* Requirement *
Quote exactly the lines from the start of the entries to the one with "define r s where", both ends included.

* Collection entries *
--- START ---

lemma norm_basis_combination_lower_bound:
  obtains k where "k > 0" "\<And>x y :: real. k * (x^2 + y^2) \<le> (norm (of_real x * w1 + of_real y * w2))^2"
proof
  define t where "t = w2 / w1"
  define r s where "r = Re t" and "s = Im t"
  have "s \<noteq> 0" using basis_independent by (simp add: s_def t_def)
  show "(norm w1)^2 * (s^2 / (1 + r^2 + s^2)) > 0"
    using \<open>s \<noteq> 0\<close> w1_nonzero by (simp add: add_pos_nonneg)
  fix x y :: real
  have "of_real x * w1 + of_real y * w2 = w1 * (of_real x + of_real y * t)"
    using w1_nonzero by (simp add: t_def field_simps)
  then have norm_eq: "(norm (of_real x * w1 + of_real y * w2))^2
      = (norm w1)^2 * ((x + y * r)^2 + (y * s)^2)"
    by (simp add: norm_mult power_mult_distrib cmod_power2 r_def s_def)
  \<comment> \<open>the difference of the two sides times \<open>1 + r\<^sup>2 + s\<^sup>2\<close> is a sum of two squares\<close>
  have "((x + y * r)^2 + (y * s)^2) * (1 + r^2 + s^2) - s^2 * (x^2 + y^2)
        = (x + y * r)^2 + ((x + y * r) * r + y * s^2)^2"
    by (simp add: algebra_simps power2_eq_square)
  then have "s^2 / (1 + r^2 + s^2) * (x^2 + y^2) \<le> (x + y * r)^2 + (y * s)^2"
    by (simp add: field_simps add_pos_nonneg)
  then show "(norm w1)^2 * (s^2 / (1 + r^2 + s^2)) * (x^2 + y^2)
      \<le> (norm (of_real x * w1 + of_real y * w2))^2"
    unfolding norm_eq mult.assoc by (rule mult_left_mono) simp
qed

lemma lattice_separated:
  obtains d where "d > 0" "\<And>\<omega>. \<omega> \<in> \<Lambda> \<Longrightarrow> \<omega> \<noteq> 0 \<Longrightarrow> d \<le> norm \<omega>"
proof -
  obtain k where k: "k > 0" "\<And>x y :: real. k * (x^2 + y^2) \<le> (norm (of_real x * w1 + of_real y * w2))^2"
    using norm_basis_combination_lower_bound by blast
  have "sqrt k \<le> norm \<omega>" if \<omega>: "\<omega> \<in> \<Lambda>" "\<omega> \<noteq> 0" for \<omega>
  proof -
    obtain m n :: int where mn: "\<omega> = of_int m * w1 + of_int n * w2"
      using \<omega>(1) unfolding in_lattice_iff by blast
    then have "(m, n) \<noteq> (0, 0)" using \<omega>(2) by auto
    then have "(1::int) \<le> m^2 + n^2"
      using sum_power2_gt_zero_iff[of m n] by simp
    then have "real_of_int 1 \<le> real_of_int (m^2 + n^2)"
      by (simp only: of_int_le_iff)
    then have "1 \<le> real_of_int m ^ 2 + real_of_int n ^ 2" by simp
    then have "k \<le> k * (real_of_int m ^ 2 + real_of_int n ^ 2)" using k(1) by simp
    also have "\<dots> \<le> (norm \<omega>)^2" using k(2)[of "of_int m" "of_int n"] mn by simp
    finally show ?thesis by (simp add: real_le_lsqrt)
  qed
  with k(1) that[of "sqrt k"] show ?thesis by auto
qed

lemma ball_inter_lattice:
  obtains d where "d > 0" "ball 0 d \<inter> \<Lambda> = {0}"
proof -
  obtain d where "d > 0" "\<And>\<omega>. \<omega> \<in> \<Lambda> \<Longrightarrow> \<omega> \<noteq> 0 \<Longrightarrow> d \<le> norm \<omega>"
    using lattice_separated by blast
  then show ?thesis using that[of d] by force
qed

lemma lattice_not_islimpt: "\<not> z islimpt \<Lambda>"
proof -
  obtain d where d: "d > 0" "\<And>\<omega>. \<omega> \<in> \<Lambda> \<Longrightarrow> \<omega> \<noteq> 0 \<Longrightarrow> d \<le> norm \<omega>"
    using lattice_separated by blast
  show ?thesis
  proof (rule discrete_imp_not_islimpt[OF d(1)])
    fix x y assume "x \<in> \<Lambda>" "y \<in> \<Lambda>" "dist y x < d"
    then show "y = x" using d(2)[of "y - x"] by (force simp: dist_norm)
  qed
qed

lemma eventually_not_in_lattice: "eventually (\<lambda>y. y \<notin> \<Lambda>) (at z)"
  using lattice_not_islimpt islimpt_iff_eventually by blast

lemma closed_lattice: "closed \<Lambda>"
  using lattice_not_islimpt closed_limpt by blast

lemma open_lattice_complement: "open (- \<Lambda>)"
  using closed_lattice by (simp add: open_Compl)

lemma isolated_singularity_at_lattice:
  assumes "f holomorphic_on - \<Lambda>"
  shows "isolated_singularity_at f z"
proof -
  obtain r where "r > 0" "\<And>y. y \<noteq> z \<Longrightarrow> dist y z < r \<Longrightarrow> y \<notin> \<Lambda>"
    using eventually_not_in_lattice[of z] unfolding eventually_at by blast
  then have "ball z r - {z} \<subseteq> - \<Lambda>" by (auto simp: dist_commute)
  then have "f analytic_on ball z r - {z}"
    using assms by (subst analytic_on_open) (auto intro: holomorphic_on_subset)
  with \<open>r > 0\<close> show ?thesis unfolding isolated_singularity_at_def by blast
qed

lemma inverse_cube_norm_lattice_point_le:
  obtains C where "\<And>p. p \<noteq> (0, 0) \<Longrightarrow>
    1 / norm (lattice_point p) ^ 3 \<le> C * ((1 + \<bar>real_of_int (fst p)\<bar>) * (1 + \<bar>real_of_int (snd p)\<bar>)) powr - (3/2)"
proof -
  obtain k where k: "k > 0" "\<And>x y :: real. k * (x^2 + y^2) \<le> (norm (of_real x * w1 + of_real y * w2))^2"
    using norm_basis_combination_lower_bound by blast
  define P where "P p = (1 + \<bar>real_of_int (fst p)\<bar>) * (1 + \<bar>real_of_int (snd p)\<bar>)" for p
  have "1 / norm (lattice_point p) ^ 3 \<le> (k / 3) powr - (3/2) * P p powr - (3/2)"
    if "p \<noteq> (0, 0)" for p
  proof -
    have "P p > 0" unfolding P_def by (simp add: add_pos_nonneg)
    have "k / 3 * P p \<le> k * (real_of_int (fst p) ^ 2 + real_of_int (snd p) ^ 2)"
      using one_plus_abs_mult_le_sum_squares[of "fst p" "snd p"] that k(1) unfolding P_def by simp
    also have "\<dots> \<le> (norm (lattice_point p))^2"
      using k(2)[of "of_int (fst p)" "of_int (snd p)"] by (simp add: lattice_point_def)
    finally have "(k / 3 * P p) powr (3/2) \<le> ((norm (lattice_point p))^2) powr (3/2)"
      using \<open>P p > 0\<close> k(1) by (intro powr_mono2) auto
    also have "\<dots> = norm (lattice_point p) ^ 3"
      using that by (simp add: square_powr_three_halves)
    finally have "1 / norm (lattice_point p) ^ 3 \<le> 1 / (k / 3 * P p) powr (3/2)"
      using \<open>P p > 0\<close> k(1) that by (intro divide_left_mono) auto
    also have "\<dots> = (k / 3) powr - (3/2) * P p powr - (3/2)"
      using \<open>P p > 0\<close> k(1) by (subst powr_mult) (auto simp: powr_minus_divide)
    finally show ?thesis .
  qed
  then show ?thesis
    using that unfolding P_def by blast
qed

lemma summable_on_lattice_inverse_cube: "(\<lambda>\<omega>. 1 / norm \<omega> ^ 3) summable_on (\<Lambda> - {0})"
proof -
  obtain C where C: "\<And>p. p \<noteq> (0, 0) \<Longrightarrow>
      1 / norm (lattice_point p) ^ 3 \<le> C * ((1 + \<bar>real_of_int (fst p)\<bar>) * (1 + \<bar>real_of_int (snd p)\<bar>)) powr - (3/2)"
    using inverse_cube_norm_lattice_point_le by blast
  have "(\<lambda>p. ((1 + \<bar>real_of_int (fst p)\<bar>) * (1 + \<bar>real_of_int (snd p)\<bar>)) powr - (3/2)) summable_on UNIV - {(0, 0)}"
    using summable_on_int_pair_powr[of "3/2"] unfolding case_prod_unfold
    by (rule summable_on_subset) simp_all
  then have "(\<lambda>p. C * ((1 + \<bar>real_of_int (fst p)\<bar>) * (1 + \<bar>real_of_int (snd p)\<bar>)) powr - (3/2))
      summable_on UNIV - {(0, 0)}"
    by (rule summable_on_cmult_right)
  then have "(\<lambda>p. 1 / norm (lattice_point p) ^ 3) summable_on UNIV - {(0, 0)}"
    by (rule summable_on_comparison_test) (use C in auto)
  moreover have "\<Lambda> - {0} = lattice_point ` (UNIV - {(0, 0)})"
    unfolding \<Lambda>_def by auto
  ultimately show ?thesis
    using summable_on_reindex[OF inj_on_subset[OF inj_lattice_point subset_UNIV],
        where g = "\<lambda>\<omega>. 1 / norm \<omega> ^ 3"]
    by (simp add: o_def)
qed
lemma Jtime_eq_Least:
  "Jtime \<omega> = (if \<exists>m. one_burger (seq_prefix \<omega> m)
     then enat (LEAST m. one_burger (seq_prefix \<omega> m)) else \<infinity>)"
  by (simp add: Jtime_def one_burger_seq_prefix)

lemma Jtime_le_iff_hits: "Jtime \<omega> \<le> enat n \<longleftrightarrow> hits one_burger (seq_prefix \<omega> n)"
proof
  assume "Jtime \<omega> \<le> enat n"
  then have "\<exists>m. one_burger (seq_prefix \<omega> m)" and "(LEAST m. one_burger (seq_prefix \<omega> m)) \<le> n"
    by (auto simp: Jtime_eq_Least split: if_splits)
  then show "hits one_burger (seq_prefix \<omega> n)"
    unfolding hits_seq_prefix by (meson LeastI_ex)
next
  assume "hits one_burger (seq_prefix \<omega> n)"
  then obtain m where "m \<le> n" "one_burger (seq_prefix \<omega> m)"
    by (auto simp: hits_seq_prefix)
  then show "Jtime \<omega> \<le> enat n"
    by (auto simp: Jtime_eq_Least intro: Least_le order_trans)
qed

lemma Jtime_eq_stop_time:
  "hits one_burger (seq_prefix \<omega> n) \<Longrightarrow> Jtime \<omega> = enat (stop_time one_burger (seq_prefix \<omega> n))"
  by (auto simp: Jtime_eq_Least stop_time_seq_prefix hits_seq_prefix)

--- END ---

* Your response *
lemma norm_basis_combination_lower_bound:
  obtains k where "k > 0" "\<And>x y :: real. k * (x^2 + y^2) \<le> (norm (of_real x * w1 + of_real y * w2))^2"
proof
  define t where "t = w2 / w1"
  define r s where "r = Re t" and "s = Im t"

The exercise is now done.